A State-Vector Framework for Dataset Effects

Esmat Sahak,Zining Zhu,Frank Rudzicz
2023-10-17
Abstract:The impressive success of recent deep neural network (DNN)-based systems is significantly influenced by the high-quality datasets used in training. However, the effects of the datasets, especially how they interact with each other, remain underexplored. We propose a state-vector framework to enable rigorous studies in this direction. This framework uses idealized probing test results as the bases of a vector space. This framework allows us to quantify the effects of both standalone and interacting datasets. We show that the significant effects of some commonly-used language understanding datasets are characteristic and are concentrated on a few linguistic dimensions. Additionally, we observe some ``spill-over'' effects: the datasets could impact the models along dimensions that may seem unrelated to the intended tasks. Our state-vector framework paves the way for a systematic understanding of the dataset effects, a crucial component in responsible and robust model development.

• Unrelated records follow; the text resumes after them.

lemma sum_perm_delta:
  fixes \<sigma> :: "'a::finite \<Rightarrow> 'a"
  assumes "bij \<sigma>"
  shows "(\<Sum>j\<in>A. (if i = \<sigma> j then 1 else 0) * cnj (if k = \<sigma> j then 1 else 0))
     = (if inv \<sigma> i \<in> A \<and> i = k then (1::complex) else 0)"
proof -
  have "\<And>j. (if i = \<sigma> j then 1 else 0) * cnj (if k = \<sigma> j then 1 else 0)
      = (if j = inv \<sigma> i then (if i = k then 1 else 0) else (0::complex))"
    using assms by (auto simp: bij_inv_eq_iff)
  then show ?thesis by (auto simp: sum.delta')
qed

lemma if_conj_zero: "(if P \<and> Q then a else 0) = (if P then if Q then a else 0 else 0)"
  by simp

lemma mult_if_one_zero: "a * (if P then 1 else 0) = (if P then a else (0::'a::semiring_1))"
  by simp

lemma if_one_zero_mult: "(if P then 1 else 0) * a = (if P then a else (0::'a::semiring_1))" by simp

lemma mult_if_zero: "x * (if P then y else 0) = (if P then x * y else (0::complex))" by simp

lemma sum_if_const:
  "(\<Sum>c\<in>A. if P then Y c else 0) = (if P then (\<Sum>c\<in>A. Y c) else (0::complex))"
  by (cases P) simp_all

lemma cnj_if_zero [simp]: "cnj (if P then x else 0) = (if P then cnj x else 0)" by simp

lemma cnj_of_bool [simp]: "cnj (of_bool P) = of_bool P" by (simp add: of_bool_def)

lemma sum2_mult_delta:
  "(\<Sum>x\<in>(UNIV::'a::finite set). \<Sum>y\<in>(UNIV::'b::finite set). f x y * (if i = x \<and> j = y then 1 else 0)) = (f i j :: 'c::comm_ring_1)"
proof -
  have "\<And>x. (\<Sum>y\<in>(UNIV::'b set). f x y * (if i = x \<and> j = y then 1 else 0)) = (if i = x then f x j else 0)"
    by (cases "i = x") (simp_all add: mult_if_one_zero)
  then show ?thesis by simp
qed

lemma sum2_two_deltas:
  fixes x :: "'a::finite" and y :: "'b::finite"
  shows "(\<Sum>a\<in>UNIV. \<Sum>b\<in>UNIV. (if a = x then u else 0) * (if b = y then v else 0) * K a b) = u * v * (K x y :: complex)"
proof -
  have "\<And>a b. (if a = x then u else 0) * (if b = y then v else 0) * K a b = (if a = x then if b = y then u * v * K x y else 0 else 0)"
    by simp
  moreover have "\<And>a. (\<Sum>b\<in>UNIV. if a = x then if b = y then u * v * K x y else 0 else 0) = (if a = x then u * v * K x y else 0)"
    by (case_tac "a = x") simp_all
  ultimately show ?thesis by simp
qed

lemma sum2_two_point:
  fixes x y :: "'a::finite"
  shows "(\<Sum>a\<in>UNIV. \<Sum>b\<in>UNIV. ((if a = x then 1 else 0) + (if a = y then w else 0)) * 
      ((if b = x then 1 else 0) + (if b = y then z else 0)) * K a b)
   = K x x + z * K x y + w * K y x + w * z * (K y y :: complex)"
proof -
  have "\<And>a b. ((if a = x then 1 else 0) + (if a = y then w else 0)) * 
      ((if b = x then 1 else 0) + (if b = y then z else 0)) * K a b
    = (if a = x then 1 else 0) * (if b = x then 1 else 0) * K a b + (if a = x then 1 else 0) * (if b = y then z else 0) * K a b
      + (if a = y then w else 0) * (if b = x then 1 else 0) * K a b + (if a = y then w else 0) * (if b = y then z else 0) * K a b"
    by (simp only: distrib_left distrib_right add_ac)
  then show ?thesis by (simp only: sum.distrib sum2_two_deltas) simp
qed

lemma foldr_comp_Cons: "foldr (\<circ>) (f # fs) g = f \<circ> foldr (\<circ>) fs g"
  by simp

definition matrix_unit :: "'n::finite \<Rightarrow> 'n \<Rightarrow> 'n cmat" where
  "matrix_unit x y = (\<chi> i j. if i = x \<and> j = y then 1 else 0)"

lemma matrix_unit_expansion:
  "X = (\<Sum>x\<in>UNIV. \<Sum>y\<in>UNIV. cscale (X$x$y) (matrix_unit x y))"
  unfolding vec_eq_iff cscale_def matrix_unit_def by (simp add: sum2_mult_delta)

lemma scaleR_matrix_entry:
  "((r::real) *\<^sub>R M) $ i $ j = complex_of_real r * (M $ i $ j :: complex)"
  by (simp only: scaleR_vec_def vec_lambda_beta) (simp add: scaleR_conv_of_real)

lemma clinear_map_zero: "clinear_map T \<Longrightarrow> T 0 = 0"
  unfolding clinear_map_def by (metis add_cancel_right_right add_0)

lemma clinear_map_sum: "clinear_map T \<Longrightarrow> T (sum f A) = (\<Sum>x\<in>A. T (f x))"
proof (induction A rule: infinite_finite_induct)
  case (infinite A) then show ?case by (simp add: clinear_map_zero)
next
  case empty then show ?case by (simp add: clinear_map_zero)
next
  case (insert x F) then show ?case by (simp add: clinear_map_def)
qed

lemma clinear_map_comp:
  "clinear_map T \<Longrightarrow> clinear_map S \<Longrightarrow> clinear_map (T \<circ> S)"
  by (simp add: clinear_map_def)

lemma clinear_map_id: "clinear_map (id :: 'n::finite cmat \<Rightarrow> 'n cmat)"
  by (simp add: clinear_map_def)

lemma adjointm_mat_1: "adjointm (mat 1 :: 'n::finite cmat) = mat 1"
  by (simp add: vec_eq_iff adjointm_def mat_def)

lemma unitary_mat_1: "unitary (mat 1 :: 'n::finite cmat)"
  by (simp add: unitary_def adjointm_mat_1)

lemma adjointm_matrix_mult: "adjointm (U ** V) = adjointm V ** adjointm (U :: 'n::finite cmat)"
  by (simp add: vec_eq_iff adjointm_def matrix_matrix_mult_def mult.commute)

lemma unitary_matrix_mult:
  "unitary U \<Longrightarrow> unitary V \<Longrightarrow> unitary (U ** V :: 'n::finite cmat)"
  unfolding unitary_def adjointm_matrix_mult
  by (metis matrix_mul_assoc matrix_mul_rid)

lemma unitaryI:
  fixes U :: "'n::finite cmat"
  assumes "\<And>i k. (\<Sum>j\<in>UNIV. U$i$j * cnj (U$k$j)) = (if i = k then 1 else 0)"
    and "\<And>j l. (\<Sum>i\<in>UNIV. cnj (U$i$j) * U$i$l) = (if j = l then 1 else 0)"
  shows "unitary U"
  unfolding unitary_def by (simp add: vec_eq_iff matrix_matrix_mult_def adjointm_def mat_def assms)

section \<open>Kernels of Choi states\<close>

definition conjugation_kernel :: "'n::finite cmat \<Rightarrow> 'n \<Rightarrow> 'n \<Rightarrow> 'n \<Rightarrow> 'n \<Rightarrow> complex" where
  "conjugation_kernel M b a e c = M$b$a * cnj (M$e$c)"

definition channel_kernel :: "('n::finite cmat \<Rightarrow> 'n cmat) \<Rightarrow> 'n \<Rightarrow> 'n \<Rightarrow> 'n \<Rightarrow> 'n \<Rightarrow> complex" where
  "channel_kernel T b a e c = T (matrix_unit a c) $ b $ e"

lemma clinear_map_entry:
  assumes "clinear_map T"
  shows "T X $ b $ e = (\<Sum>x\<in>UNIV. \<Sum>y\<in>UNIV. X$x$y * channel_kernel T b x e y)"
proof -
  have "T X = (\<Sum>x\<in>UNIV. \<Sum>y\<in>UNIV. cscale (X$x$y) (T (matrix_unit x y)))"
    by (subst matrix_unit_expansion) (simp add: clinear_map_sum[OF assms] assms[unfolded clinear_map_def])
  then show ?thesis by (simp add: cscale_def channel_kernel_def)
qed

lemma channel_kernel_comp:
  assumes "clinear_map T"
  shows "channel_kernel (T \<circ> S) b a e c = (\<Sum>x\<in>UNIV. \<Sum>y\<in>UNIV. channel_kernel S x a y c * channel_kernel T b x e y)"
  by (simp add: channel_kernel_def clinear_map_entry[OF assms, of "S (matrix_unit a c)"])

lemma conjugation_kernel_mult:
  "(\<Sum>x\<in>UNIV. \<Sum>y\<in>UNIV. conjugation_kernel V x a y c * conjugation_kernel U b x e y) = conjugation_kernel (U ** V) b a e c"
  by (simp add: conjugation_kernel_def matrix_matrix_mult_def sum_product mult_ac)

lemma conjugation_kernel_mat_1:
  "conjugation_kernel (mat 1 :: 'n::finite cmat) b a e c = (if b = a \<and> e = c then 1 else 0)"
  by (simp add: conjugation_kernel_def mat_def)

lemma Omega_coeff_sq:
  "complex_of_real (1 / sqrt (real CARD('n::finite))) * cnj (complex_of_real (1 / sqrt (real CARD('n))))
   = complex_of_real (1 / real CARD('n))"
  by (simp flip: of_real_mult)

lemma choi_entry:
  assumes "clinear_map (T :: 'n::finite cmat \<Rightarrow> 'n cmat)"
  shows "choi T $ (a,b) $ (c,e) = complex_of_real (1 / real CARD('n)) * channel_kernel T b a e c"
proof -
  have "(\<chi> b' e'. ketbra Omega $ (a, b') $ (c, e')) = cscale (complex_of_real (1 / real CARD('n))) (matrix_unit a c :: 'n cmat)"
    by (simp add: vec_eq_iff ketbra_def Omega_def cscale_def matrix_unit_def Omega_coeff_sq[symmetric] flip: of_real_mult)
  moreover have "T (cscale (complex_of_real (1 / real CARD('n))) (matrix_unit a c)) = cscale (complex_of_real (1 / real CARD('n))) (T (matrix_unit a c))"
    using assms unfolding clinear_map_def by blast
  ultimately show ?thesis 
    unfolding choi_def id_tensor_map_def channel_kernel_def by (simp only: vec_lambda_beta fst_conv snd_conv) (simp add: cscale_def)
qed

lemma id_tensor_vec_Omega_entry:
  "id_tensor_vec U (Omega :: complex^('n::finite \<times> 'n)) $ (a,b) = U$b$a * complex_of_real (1 / sqrt (real CARD('n)))"
proof -
  have "(\<Sum>c\<in>UNIV. U $ b $ c * Omega $ (a, c)) = (\<Sum>c\<in>UNIV. if c = a then U $ b $ c * complex_of_real (1 / sqrt (real CARD('n))) else 0)"
    by (rule sum.cong) (auto simp: Omega_def)
  then show ?thesis by (simp add: id_tensor_vec_def)
qed

lemma unitary_state_entry:
  "ketbra (id_tensor_vec U (Omega :: complex^('n::finite \<times> 'n))) $ (a,b) $ (c,e)
   = complex_of_real (1 / real CARD('n)) * conjugation_kernel U b a e c"
proof -
  let ?w = "complex_of_real (1 / sqrt (real CARD('n)))"
  have "ketbra (id_tensor_vec U (Omega :: complex^('n::finite \<times> 'n))) $ (a,b) $ (c,e)
     = (U$b$a * ?w) * cnj (U$e$c * ?w)" by (simp add: ketbra_def id_tensor_vec_Omega_entry)
  also have "\<dots> = (?w * cnj ?w) * conjugation_kernel U b a e c" by (simp add: conjugation_kernel_def mult_ac)
  finally show ?thesis by (simp only: Omega_coeff_sq)
qed

lemma choi_sum_scaleR:
  "choi (\<lambda>X. \<Sum>i<k. p i *\<^sub>R T i X) = (\<Sum>i<k. p i *\<^sub>R choi (T i :: 'n::finite cmat \<Rightarrow> 'n cmat))"
  by (simp add: vec_eq_iff choi_def id_tensor_map_def)

section \<open>Weighted lists of unitaries\<close>

text \<open>A list [(r_1,U_1),\<dots>,(r_n,U_n)] stands for the real combination
  \<Sum> r_i \<rho>_{U_i} of maximally entangled states.\<close>

definition list_kernel :: "(real \<times> 'n::finite cmat) list \<Rightarrow> 'n \<Rightarrow> 'n \<Rightarrow> 'n \<Rightarrow> 'n \<Rightarrow> complex" where
  "list_kernel L b a e c = (\<Sum>(r,U)\<leftarrow>L. complex_of_real r * conjugation_kernel U b a e c)"

definition list_state :: "(real \<times> 'n::finite cmat) list \<Rightarrow> complex^('n \<times> 'n)^('n \<times> 'n)" where
  "list_state L = (\<Sum>(r,U)\<leftarrow>L. r *\<^sub>R ketbra (id_tensor_vec U Omega))"

definition unitary_list :: "(real \<times> 'n::finite cmat) list \<Rightarrow> bool" where
  "unitary_list L \<longleftrightarrow> (\<forall>p\<in>set L. unitary (snd p))"

definition list_weight :: "(real \<times> 'n::finite cmat) list \<Rightarrow> real" where
  "list_weight L = (\<Sum>(r,U)\<leftarrow>L. \<bar>r\<bar>)"

lemma list_kernel_Nil[simp]: "list_kernel [] b a e c = 0" by (simp add: list_kernel_def)

lemma list_kernel_Cons[simp]:
  "list_kernel ((r,U)#L) b a e c = complex_of_real r * conjugation_kernel U b a e c + list_kernel L b a e c"
  by (simp add: list_kernel_def)

lemma list_state_entry:
  "list_state L $ (a,b) $ (c,e) = complex_of_real (1 / real CARD('n::finite)) * list_kernel (L :: (real \<times> 'n cmat) list) b a e c"
proof (induction L)
  case Nil then show ?case by (simp add: list_state_def list_kernel_def)
next
  case (Cons p L)
  obtain r U where p: "p = (r,U)" by (cases p)
  have "list_state (p # L) = r *\<^sub>R ketbra (id_tensor_vec U Omega) + list_state L" by (simp add: list_state_def p)
  moreover have "list_kernel (p # L) b a e c = complex_of_real r * conjugation_kernel U b a e c + list_kernel L b a e c"
    by (simp add: list_kernel_def p)
  ultimately show ?case using Cons by (simp add: scaleR_matrix_entry unitary_state_entry scaleR_conv_of_real[where 'a=complex] algebra_simps)
qed

lemma choi_eq_list_state_iff:
  assumes "clinear_map (T :: 'n::finite cmat \<Rightarrow> 'n cmat)"
  shows "choi T = list_state L \<longleftrightarrow> channel_kernel T = list_kernel L"
proof
  assume "choi T = list_state L"
  then have "\<And>a b c e. choi T $ (a,b) $ (c,e) = list_state L $ (a,b) $ (c,e)" by simp
  then show "channel_kernel T = list_kernel L"
    by (simp add: choi_entry[OF assms] list_state_entry fun_eq_iff)
next
  assume "channel_kernel T = list_kernel L"
  then show "choi T = list_state L"
    by (simp add: vec_eq_iff choi_entry[OF assms] list_state_entry)
qed

lemma choi_id: "choi (id :: 'n::finite cmat \<Rightarrow> 'n cmat) = list_state [(1, mat 1)]"
  unfolding choi_eq_list_state_iff[OF clinear_map_id]
  by (simp add: fun_eq_iff channel_kernel_def matrix_unit_def conjugation_kernel_mat_1)

lemma unitary_list_mat_1: "unitary_list [(1, mat 1 :: 'n::finite cmat)]"
  by (simp add: unitary_list_def unitary_mat_1)

definition scale_list :: "real \<Rightarrow> (real \<times> 'n::finite cmat) list \<Rightarrow> (real \<times> 'n cmat) list" where
  "scale_list u L = map (\<lambda>(c,U). (u*c, U)) L"

lemma list_state_append:
  "list_state (L @ M) = list_state L + list_state M" by (simp add: list_state_def)

lemma list_state_scale_list: "list_state (scale_list u L) = u *\<^sub>R list_state L"
  by (induction L) (auto simp: list_state_def scale_list_def scaleR_add_right)

lemma list_weight_append:
  "list_weight (L @ M) = list_weight L + list_weight M" by (simp add: list_weight_def)

lemma list_weight_scale_list: "list_weight (scale_list u L) = \<bar>u\<bar> * list_weight L"
  by (induction L) (auto simp: list_weight_def scale_list_def abs_mult algebra_simps)

lemma unitary_list_append:
  "unitary_list (L @ M) \<longleftrightarrow> unitary_list L \<and> unitary_list M" by (auto simp: unitary_list_def)

lemma unitary_list_scale_list:
  "unitary_list (scale_list u L) = unitary_list L" by (auto simp: unitary_list_def scale_list_def)

lemma list_weight_nonneg: "list_weight L \<ge> 0" by (induction L) (auto simp: list_weight_def)

lemma list_kernel_append:
  "list_kernel (L @ M) = (\<lambda>b a e c. list_kernel L b a e c + list_kernel M b a e c)"
  by (simp add: list_kernel_def fun_eq_iff)

lemma list_kernel_scale_list:
  "list_kernel (scale_list u L) = (\<lambda>b a e c. complex_of_real u * list_kernel L b a e c)"
  by (induction L) (auto simp: list_kernel_def scale_list_def fun_eq_iff algebra_simps)

definition product_list :: "(real \<times> 'n::finite cmat) list \<Rightarrow> (real \<times> 'n cmat) list \<Rightarrow> (real \<times> 'n cmat) list" where
  "product_list L M = concat (map (\<lambda>(c,U). map (\<lambda>(e,V). (c*e, U ** V)) M) L)"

Computation and Language,Artificial Intelligence,Machine Learning
What problem does this paper attempt to address?
This paper mainly discusses the influence of datasets in the training of deep neural network (DNN) models and proposes a state vector framework to quantify the effects of individual datasets and their interactions. The study points out the crucial importance of high-quality datasets for the success of DNNs, but the interactions between datasets have not been fully explored. The proposed state vector framework utilizes idealized probe test results as the basis for the vector space to measure the effects of separate or interacting datasets. The authors found that the effectiveness of commonly used language understanding datasets exhibits characteristic patterns concentrated on a few language dimensions, while also observing an "overflow" effect where datasets may affect the models in dimensions seemingly unrelated to their original tasks. They also observed specific and significant interaction effects when combining multiple datasets. The paper emphasizes the importance of systematically understanding the influence of datasets, which is a key component for responsible and robust model development. The authors evaluated the effects of datasets through probe analysis, considering not only difficulty scores but also multidimensional impacts. Their proposed state vector framework allows for statistical testing, providing a rigorous approach to explaining how datasets affect models. In the experimental section, the authors conducted multi-task fine-tuning using BERT and RoBERTa models, and utilized the SentEval toolkit for probe testing to quantify the individual and interaction effects of different datasets. The results showed that dataset effects depend on model selection, dataset composition, and task types. Additionally, unexpected "overflow" effects were observed between semantic and syntactic dimensions for certain datasets. In conclusion, this paper proposes a novel approach to systematically study the influence of datasets on deep learning models, providing valuable insights for understanding and optimizing data usage in the model training process.